--- Task input ---

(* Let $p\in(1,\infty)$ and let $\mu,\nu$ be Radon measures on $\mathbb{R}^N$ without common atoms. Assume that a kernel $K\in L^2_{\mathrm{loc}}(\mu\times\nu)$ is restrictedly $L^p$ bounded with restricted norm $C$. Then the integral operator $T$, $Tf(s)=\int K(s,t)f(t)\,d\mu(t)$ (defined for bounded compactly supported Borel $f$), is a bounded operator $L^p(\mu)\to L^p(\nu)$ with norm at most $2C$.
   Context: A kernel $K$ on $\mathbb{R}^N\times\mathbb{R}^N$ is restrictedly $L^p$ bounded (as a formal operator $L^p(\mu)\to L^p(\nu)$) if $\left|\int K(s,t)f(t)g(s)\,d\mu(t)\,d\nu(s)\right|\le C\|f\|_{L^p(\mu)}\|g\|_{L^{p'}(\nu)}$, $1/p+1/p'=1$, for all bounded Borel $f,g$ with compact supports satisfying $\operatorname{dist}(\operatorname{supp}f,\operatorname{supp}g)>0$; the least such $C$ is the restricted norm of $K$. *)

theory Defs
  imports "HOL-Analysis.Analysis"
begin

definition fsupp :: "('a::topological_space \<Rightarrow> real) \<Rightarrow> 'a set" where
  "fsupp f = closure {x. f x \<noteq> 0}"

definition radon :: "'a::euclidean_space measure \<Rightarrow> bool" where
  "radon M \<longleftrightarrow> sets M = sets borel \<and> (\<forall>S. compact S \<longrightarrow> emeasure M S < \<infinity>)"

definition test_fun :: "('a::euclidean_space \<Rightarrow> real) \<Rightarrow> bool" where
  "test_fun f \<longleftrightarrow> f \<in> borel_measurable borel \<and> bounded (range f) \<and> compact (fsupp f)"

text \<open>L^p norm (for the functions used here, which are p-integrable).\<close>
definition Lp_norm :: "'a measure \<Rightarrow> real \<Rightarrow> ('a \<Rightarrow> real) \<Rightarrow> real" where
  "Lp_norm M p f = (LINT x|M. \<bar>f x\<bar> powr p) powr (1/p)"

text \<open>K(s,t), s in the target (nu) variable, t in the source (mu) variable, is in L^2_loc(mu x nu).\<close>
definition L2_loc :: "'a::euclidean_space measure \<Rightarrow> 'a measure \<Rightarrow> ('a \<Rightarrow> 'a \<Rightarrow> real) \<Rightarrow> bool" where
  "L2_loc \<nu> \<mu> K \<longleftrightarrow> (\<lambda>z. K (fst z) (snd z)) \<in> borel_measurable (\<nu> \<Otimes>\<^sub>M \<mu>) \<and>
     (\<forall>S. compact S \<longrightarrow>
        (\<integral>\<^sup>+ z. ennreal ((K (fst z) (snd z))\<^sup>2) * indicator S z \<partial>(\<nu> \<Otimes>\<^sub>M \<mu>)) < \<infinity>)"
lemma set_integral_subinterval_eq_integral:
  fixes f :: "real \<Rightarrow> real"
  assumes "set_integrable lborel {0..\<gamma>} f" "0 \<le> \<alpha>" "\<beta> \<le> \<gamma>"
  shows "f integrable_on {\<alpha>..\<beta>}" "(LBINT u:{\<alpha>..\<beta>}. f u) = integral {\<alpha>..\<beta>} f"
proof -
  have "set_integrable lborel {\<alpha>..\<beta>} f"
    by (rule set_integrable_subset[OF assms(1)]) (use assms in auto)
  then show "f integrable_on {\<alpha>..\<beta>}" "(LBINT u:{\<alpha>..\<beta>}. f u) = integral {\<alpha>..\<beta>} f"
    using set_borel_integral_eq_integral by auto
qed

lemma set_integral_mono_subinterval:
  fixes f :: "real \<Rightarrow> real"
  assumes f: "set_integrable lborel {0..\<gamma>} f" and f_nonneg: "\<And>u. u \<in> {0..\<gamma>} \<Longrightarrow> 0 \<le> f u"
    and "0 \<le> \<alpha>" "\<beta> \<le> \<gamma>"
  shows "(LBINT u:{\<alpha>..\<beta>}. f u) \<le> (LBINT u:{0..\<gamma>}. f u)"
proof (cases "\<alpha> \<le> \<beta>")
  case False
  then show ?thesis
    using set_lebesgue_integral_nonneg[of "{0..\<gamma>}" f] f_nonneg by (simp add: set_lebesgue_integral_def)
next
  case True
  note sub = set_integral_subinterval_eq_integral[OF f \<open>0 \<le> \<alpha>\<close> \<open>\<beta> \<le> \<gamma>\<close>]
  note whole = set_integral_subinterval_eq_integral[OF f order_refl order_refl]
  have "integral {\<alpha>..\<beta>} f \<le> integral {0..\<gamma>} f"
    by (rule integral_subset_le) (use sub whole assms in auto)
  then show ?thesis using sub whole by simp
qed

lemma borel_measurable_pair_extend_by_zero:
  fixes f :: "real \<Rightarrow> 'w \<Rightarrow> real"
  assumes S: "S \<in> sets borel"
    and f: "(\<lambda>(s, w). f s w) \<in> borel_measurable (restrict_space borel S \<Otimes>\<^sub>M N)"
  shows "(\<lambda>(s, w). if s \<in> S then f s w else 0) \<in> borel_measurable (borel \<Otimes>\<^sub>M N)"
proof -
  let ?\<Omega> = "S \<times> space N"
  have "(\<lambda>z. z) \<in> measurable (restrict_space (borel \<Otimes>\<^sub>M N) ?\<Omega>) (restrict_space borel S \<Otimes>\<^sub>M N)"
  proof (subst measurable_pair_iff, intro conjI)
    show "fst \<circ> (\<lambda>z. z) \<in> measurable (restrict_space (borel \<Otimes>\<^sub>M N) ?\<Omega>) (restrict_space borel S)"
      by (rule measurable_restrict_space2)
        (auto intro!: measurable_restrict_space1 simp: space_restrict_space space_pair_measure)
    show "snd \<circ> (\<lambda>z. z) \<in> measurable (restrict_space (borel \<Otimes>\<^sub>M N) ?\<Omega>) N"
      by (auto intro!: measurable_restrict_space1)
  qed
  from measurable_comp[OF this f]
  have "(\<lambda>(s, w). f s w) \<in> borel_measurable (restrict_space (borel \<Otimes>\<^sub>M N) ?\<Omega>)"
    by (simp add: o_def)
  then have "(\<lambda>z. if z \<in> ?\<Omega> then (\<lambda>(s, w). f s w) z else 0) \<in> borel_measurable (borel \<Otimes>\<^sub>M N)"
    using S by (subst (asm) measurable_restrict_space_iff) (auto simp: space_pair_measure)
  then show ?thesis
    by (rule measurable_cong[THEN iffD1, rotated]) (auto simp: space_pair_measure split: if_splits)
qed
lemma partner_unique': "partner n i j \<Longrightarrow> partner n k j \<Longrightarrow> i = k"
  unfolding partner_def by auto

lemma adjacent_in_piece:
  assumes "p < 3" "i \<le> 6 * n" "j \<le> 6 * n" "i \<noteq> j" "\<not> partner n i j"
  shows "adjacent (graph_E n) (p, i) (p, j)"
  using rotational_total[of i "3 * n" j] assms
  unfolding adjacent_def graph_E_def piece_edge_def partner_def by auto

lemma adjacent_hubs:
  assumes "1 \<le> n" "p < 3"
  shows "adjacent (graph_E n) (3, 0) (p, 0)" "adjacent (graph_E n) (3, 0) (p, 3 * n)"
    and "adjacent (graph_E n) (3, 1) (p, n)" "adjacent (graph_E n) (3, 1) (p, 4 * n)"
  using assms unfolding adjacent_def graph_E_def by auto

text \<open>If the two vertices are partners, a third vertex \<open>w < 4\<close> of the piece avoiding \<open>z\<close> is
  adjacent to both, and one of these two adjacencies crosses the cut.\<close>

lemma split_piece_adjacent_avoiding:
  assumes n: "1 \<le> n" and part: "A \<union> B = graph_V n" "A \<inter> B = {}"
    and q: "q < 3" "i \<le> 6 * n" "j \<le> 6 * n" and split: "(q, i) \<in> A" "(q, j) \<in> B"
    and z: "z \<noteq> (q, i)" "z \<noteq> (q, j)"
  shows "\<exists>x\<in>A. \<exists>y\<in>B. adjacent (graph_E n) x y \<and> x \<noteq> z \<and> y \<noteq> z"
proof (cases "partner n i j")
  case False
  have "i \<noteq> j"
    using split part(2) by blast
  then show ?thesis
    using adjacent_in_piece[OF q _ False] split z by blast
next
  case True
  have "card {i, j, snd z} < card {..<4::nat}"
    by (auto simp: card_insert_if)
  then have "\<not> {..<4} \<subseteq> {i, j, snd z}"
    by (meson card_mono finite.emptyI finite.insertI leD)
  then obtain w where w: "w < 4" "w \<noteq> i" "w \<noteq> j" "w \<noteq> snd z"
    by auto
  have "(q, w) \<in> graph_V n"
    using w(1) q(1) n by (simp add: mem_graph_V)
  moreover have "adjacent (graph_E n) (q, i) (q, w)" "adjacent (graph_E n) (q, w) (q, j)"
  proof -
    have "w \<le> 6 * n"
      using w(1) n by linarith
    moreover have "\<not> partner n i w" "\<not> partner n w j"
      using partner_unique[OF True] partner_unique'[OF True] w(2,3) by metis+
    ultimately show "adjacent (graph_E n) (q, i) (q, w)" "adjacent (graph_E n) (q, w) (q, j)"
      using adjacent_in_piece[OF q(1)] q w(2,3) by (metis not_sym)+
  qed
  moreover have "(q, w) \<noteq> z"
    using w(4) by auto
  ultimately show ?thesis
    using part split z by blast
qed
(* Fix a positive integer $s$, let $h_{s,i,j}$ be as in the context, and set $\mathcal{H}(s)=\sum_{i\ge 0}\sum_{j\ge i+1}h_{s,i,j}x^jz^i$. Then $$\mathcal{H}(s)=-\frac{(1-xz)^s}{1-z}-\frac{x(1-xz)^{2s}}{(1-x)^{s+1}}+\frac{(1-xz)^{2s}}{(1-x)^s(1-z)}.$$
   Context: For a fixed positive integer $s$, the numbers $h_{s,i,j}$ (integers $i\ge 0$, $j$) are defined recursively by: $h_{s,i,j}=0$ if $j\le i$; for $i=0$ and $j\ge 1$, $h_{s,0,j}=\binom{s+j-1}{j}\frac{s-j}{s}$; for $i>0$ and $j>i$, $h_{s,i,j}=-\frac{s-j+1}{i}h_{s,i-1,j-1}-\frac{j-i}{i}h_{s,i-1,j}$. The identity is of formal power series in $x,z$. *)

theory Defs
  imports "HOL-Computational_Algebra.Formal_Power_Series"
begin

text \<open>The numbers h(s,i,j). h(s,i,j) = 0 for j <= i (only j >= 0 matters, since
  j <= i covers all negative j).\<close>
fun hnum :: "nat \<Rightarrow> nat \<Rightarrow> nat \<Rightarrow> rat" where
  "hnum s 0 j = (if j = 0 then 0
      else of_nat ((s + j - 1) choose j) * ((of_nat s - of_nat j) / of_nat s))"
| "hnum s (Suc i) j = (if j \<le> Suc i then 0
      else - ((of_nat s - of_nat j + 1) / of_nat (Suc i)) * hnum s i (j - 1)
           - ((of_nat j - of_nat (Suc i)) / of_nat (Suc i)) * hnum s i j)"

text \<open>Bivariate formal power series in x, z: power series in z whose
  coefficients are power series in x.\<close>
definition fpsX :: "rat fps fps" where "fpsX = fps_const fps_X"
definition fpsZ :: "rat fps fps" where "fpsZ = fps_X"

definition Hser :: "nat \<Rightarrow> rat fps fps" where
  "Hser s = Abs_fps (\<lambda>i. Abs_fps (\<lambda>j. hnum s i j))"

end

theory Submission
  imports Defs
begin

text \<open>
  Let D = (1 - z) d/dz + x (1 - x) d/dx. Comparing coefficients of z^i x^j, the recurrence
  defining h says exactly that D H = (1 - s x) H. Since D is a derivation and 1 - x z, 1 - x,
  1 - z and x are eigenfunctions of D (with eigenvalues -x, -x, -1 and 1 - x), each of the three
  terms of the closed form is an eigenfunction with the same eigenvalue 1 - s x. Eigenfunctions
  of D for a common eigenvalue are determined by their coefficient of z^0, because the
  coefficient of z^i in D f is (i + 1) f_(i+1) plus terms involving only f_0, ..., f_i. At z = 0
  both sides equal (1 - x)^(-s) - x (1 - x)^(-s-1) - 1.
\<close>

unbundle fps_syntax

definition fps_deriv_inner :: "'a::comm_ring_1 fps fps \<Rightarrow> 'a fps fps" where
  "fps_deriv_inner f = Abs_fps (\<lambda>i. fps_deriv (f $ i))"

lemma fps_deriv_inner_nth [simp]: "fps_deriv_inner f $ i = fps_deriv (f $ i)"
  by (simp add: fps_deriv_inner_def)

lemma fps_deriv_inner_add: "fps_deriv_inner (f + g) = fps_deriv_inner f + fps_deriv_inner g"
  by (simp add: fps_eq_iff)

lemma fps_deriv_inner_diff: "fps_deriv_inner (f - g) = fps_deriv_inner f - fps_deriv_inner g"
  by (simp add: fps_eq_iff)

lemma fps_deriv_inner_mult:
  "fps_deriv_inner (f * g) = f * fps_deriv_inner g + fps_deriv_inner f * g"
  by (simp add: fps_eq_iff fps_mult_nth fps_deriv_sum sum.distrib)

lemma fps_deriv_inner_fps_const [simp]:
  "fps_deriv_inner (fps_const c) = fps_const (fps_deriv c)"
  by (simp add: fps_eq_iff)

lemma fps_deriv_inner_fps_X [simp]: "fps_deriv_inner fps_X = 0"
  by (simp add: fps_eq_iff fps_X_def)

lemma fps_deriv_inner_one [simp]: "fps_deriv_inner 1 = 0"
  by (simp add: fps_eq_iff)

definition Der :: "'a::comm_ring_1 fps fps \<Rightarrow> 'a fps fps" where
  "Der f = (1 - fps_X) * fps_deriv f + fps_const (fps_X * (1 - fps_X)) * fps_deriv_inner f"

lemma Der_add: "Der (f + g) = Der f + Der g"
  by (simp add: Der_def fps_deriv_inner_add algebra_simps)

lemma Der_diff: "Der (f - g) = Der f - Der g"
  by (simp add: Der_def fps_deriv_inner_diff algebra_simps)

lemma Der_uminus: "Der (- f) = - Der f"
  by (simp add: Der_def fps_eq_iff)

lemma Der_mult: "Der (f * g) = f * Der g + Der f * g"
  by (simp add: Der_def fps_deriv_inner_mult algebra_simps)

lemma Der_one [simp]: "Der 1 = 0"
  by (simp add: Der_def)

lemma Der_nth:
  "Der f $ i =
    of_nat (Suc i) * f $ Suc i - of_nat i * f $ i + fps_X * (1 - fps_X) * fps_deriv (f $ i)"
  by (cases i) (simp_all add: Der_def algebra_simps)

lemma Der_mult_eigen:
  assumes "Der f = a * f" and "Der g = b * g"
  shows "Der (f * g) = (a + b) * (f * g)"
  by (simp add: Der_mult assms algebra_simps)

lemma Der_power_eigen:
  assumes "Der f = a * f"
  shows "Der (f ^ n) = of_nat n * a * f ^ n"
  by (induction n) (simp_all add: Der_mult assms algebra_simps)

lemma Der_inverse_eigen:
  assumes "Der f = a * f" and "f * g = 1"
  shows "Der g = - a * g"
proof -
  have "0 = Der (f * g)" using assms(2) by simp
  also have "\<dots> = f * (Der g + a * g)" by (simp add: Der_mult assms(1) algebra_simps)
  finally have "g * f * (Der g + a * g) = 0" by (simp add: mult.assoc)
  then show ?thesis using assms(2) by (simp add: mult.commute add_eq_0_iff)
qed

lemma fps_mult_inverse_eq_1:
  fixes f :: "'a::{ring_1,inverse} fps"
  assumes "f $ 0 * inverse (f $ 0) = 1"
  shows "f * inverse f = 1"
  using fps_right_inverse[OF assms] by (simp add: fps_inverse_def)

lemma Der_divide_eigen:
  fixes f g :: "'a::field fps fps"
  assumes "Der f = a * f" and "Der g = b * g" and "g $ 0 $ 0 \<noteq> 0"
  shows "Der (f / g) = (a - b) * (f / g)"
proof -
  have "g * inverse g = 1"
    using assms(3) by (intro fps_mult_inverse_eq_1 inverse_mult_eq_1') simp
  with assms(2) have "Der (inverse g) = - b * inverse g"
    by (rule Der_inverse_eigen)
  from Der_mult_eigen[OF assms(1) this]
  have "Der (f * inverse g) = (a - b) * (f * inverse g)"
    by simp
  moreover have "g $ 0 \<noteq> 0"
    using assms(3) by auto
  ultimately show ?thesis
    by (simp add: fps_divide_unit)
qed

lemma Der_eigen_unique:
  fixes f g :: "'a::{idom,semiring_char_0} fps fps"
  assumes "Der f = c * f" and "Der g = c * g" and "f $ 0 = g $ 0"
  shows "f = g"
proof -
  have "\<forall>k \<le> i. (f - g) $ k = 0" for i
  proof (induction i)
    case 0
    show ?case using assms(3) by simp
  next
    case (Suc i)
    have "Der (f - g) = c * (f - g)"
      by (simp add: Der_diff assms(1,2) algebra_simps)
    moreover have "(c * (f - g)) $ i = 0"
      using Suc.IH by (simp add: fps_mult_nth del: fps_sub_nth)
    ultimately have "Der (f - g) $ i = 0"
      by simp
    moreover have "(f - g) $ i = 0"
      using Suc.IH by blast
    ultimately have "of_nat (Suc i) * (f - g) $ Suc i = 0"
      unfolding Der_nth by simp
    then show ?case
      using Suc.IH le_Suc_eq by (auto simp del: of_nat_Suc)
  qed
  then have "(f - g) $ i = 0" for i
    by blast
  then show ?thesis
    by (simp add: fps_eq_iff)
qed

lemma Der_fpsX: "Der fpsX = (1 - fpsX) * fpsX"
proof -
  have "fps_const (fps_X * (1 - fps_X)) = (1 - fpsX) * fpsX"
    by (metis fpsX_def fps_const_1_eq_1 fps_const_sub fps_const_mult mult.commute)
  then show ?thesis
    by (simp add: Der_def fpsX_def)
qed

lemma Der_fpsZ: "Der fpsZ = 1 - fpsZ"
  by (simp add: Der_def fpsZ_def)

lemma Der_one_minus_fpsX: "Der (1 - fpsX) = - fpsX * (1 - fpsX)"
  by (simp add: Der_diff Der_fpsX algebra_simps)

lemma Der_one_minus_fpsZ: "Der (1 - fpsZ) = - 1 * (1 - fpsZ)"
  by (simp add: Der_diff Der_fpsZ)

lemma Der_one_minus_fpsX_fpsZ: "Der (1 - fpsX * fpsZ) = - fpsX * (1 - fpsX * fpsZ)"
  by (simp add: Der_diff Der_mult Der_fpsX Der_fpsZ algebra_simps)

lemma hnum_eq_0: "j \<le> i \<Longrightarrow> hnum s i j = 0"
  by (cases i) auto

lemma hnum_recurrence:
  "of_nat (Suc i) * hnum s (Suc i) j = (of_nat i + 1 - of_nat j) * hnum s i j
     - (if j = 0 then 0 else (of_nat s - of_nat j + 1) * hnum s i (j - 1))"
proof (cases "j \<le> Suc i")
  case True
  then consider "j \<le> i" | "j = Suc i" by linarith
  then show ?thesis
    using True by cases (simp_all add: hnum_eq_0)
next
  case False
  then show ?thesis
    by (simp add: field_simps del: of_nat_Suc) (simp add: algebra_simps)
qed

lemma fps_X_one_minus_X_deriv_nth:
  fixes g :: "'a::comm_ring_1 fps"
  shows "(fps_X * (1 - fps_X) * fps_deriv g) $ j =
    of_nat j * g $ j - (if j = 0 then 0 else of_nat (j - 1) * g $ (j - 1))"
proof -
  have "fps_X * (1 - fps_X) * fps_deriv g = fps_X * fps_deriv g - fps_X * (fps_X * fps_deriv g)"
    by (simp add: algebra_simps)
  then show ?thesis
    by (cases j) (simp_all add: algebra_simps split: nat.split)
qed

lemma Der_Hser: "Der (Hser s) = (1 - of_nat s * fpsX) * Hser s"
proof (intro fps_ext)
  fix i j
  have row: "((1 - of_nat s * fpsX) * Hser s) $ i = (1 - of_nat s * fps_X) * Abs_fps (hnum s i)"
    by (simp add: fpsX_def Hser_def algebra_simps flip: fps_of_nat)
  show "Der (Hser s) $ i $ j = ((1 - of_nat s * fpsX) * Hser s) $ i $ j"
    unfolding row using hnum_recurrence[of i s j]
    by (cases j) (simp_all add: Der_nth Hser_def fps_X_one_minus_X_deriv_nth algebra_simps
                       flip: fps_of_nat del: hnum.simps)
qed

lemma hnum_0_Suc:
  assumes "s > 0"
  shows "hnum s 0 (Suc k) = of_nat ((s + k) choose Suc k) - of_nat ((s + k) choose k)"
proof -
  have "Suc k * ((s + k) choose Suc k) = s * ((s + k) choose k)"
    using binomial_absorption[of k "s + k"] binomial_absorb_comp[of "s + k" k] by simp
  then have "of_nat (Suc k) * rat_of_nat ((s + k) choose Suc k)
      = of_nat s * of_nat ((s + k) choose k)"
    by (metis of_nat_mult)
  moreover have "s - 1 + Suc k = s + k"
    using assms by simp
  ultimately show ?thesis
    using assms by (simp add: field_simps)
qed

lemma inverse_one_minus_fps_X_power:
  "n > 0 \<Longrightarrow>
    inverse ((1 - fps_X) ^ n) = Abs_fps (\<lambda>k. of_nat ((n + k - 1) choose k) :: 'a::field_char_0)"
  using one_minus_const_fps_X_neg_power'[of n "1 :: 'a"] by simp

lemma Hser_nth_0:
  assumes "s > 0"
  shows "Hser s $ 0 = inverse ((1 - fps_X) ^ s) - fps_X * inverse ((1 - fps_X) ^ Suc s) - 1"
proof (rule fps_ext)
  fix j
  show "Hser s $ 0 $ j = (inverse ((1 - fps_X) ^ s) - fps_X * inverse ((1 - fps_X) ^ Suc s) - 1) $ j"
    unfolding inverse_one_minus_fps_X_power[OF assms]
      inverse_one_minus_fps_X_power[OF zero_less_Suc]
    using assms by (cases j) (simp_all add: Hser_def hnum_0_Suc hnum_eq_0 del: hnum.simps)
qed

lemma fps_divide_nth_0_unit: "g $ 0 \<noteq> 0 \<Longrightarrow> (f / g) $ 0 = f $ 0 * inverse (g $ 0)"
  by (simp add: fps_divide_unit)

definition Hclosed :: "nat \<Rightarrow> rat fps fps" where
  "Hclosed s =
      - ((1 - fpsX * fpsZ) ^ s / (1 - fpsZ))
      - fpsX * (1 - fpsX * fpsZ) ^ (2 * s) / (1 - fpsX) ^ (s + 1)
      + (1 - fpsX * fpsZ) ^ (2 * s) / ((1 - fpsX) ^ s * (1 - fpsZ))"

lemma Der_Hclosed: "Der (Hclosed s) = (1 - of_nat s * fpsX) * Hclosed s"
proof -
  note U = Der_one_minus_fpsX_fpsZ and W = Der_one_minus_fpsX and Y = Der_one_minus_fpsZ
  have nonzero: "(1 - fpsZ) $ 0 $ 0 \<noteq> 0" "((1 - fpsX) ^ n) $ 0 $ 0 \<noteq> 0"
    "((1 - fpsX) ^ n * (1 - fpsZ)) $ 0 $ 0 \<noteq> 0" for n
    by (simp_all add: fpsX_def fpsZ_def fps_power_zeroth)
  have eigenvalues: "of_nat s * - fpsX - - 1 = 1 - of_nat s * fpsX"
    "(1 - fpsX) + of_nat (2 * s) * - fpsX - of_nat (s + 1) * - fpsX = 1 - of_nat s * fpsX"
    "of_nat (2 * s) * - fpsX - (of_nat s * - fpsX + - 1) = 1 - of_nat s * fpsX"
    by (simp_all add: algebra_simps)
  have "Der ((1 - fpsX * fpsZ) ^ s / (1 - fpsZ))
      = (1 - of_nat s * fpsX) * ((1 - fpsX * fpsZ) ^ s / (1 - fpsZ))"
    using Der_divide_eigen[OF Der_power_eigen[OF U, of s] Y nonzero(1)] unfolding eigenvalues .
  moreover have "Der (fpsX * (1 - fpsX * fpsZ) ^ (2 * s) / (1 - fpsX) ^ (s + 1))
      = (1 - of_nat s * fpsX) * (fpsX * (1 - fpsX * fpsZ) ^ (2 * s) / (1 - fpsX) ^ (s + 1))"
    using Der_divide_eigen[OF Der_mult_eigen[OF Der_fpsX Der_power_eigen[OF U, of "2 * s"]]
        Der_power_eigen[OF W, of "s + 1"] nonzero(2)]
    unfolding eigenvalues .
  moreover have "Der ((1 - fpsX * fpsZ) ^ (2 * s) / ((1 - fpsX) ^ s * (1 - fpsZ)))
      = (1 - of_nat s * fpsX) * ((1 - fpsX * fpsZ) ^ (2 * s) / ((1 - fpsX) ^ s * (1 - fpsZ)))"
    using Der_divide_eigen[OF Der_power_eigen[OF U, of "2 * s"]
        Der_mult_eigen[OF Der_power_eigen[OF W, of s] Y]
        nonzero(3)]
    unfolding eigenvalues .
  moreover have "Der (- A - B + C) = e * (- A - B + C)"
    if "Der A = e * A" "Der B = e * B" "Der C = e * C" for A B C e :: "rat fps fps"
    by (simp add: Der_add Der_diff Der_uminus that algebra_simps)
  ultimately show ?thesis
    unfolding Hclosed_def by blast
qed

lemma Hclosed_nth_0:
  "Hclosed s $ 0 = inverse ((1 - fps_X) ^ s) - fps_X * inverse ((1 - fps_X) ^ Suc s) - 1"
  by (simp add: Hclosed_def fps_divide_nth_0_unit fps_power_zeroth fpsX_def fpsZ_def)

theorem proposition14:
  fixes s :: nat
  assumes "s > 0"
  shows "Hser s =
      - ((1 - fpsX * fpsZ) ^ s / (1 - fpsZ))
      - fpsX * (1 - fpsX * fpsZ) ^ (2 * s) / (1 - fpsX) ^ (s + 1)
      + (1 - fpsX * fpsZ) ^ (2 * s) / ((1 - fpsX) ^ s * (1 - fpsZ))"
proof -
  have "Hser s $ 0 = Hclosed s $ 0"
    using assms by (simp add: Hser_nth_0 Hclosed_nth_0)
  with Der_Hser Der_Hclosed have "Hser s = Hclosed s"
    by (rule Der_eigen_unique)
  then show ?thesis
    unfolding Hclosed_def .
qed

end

---

*Task to complete*.
Starting at the line above that holds "N) ?\<Omega>) (restrict_space borel S \<Otimes>\<^sub>M" and ending at the line that holds "proof (subst measurable_pair_iff, intro", transcribe each line exactly and include no other lines.

*Solution for this task*.
  have "(\<lambda>z. z) \<in> measurable (restrict_space (borel \<Otimes>\<^sub>M N) ?\<Omega>) (restrict_space borel S \<Otimes>\<^sub>M N)"
  proof (subst measurable_pair_iff, intro conjI)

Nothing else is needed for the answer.